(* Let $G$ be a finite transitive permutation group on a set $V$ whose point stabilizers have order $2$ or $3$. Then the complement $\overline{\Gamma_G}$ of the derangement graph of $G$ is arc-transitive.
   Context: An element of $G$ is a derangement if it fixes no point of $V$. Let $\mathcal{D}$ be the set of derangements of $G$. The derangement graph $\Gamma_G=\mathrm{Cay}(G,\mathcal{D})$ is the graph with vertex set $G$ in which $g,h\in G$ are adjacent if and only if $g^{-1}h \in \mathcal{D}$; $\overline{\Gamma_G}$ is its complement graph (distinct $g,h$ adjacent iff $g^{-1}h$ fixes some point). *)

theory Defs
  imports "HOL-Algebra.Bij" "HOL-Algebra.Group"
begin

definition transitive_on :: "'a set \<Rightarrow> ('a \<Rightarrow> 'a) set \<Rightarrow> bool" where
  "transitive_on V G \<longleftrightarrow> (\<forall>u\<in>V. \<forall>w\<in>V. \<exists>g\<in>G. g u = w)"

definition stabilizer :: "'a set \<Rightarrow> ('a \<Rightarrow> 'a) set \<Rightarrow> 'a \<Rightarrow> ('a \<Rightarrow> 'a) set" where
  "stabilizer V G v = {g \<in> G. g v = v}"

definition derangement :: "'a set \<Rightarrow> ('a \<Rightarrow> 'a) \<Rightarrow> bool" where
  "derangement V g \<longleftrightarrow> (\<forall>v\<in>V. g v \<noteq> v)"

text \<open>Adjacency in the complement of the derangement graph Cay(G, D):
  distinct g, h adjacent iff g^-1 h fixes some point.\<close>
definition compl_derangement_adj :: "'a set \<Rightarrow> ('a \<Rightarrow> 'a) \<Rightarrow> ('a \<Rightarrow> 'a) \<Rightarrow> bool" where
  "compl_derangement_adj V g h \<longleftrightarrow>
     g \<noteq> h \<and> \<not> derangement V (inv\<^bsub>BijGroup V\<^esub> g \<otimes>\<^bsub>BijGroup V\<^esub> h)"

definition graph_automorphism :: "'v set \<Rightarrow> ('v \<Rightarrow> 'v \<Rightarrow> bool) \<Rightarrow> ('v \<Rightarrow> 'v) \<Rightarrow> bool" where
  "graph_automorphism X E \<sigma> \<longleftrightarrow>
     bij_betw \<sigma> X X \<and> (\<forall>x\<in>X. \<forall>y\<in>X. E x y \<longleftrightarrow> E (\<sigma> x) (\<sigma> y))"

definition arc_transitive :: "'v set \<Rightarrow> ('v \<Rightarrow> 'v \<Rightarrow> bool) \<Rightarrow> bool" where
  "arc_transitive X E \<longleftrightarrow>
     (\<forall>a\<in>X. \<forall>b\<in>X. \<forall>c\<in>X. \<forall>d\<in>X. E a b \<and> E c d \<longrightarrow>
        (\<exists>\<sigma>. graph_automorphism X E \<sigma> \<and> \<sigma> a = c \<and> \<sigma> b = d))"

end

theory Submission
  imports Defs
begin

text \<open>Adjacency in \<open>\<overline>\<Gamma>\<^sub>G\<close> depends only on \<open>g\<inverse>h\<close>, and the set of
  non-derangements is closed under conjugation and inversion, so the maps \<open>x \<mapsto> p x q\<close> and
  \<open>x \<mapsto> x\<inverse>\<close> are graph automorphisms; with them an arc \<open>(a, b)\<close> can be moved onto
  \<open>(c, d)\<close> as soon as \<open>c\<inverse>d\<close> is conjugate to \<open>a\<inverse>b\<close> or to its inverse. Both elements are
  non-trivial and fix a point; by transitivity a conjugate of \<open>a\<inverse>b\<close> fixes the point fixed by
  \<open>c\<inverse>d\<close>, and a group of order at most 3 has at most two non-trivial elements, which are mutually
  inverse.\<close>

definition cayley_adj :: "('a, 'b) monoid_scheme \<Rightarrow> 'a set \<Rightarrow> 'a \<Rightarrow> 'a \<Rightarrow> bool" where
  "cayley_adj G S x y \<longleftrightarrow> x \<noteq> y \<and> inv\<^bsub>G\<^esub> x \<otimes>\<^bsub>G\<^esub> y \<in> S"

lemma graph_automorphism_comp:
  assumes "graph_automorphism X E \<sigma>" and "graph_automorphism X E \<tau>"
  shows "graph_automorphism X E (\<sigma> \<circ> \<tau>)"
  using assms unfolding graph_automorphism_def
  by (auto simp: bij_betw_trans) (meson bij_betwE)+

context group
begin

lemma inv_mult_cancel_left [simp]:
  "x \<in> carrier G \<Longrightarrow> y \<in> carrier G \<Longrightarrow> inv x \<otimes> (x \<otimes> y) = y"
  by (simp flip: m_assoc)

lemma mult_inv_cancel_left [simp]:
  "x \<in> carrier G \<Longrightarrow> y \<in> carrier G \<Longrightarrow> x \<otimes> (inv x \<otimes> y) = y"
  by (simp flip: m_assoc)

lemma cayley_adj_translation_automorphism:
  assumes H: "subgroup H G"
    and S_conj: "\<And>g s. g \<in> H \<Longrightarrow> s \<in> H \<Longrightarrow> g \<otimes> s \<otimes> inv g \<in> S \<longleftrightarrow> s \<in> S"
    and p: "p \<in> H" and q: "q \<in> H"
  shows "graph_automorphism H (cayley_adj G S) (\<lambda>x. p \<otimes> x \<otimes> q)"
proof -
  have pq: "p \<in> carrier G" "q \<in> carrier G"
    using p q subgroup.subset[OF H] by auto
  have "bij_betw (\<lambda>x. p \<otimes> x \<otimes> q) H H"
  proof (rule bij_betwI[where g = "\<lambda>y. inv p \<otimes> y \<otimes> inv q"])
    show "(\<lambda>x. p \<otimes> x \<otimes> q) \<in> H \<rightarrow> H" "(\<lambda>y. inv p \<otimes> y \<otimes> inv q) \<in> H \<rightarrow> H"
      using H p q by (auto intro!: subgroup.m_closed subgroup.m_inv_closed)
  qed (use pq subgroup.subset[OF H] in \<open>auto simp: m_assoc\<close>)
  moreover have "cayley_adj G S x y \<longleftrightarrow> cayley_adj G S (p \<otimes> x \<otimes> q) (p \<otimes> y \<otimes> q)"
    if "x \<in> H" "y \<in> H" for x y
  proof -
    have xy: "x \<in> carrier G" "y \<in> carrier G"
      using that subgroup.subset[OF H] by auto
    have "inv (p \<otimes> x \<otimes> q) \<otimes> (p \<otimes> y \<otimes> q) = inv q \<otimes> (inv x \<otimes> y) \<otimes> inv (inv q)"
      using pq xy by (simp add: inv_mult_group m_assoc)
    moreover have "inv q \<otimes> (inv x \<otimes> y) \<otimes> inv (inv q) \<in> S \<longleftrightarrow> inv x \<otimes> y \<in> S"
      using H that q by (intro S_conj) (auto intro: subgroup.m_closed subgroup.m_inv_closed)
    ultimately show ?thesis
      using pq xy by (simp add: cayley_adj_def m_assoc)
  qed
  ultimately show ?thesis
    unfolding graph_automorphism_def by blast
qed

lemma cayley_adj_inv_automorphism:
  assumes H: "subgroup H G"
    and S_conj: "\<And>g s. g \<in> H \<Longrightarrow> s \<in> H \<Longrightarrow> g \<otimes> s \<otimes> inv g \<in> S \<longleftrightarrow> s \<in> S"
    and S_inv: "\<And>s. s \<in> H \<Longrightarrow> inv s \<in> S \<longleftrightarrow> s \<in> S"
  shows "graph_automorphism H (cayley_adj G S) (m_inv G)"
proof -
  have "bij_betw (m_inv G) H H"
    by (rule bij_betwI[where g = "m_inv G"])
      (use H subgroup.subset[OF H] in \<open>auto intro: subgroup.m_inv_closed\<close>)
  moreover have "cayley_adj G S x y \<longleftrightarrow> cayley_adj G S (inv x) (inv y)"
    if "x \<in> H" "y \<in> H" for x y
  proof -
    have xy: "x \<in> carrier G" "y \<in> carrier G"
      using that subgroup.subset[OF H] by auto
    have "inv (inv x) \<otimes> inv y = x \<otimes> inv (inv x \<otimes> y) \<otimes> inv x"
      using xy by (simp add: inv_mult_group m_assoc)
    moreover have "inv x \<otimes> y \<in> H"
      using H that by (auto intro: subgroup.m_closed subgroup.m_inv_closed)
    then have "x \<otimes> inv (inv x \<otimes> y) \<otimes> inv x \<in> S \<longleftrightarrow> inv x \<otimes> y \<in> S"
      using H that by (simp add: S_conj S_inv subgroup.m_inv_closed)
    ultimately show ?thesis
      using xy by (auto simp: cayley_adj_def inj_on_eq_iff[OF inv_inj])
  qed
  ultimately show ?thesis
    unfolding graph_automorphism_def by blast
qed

> _PROBLEM TO WORK ON_
Copy each line of the listing that includes "using".

> _RESULT FOR THIS EXERCISE_
  using assms unfolding graph_automorphism_def
    using p q subgroup.subset[OF H] by auto
      using H p q by (auto intro!: subgroup.m_closed subgroup.m_inv_closed)
      using that subgroup.subset[OF H] by auto
      using pq xy by (simp add: inv_mult_group m_assoc)
      using H that q by (intro S_conj) (auto intro: subgroup.m_closed subgroup.m_inv_closed)
      using pq xy by (simp add: cayley_adj_def m_assoc)
      using that subgroup.subset[OF H] by auto
      using xy by (simp add: inv_mult_group m_assoc)
      using H that by (auto intro: subgroup.m_closed subgroup.m_inv_closed)
      using H that by (simp add: S_conj S_inv subgroup.m_inv_closed)
      using xy by (auto simp: cayley_adj_def inj_on_eq_iff[OF inv_inj])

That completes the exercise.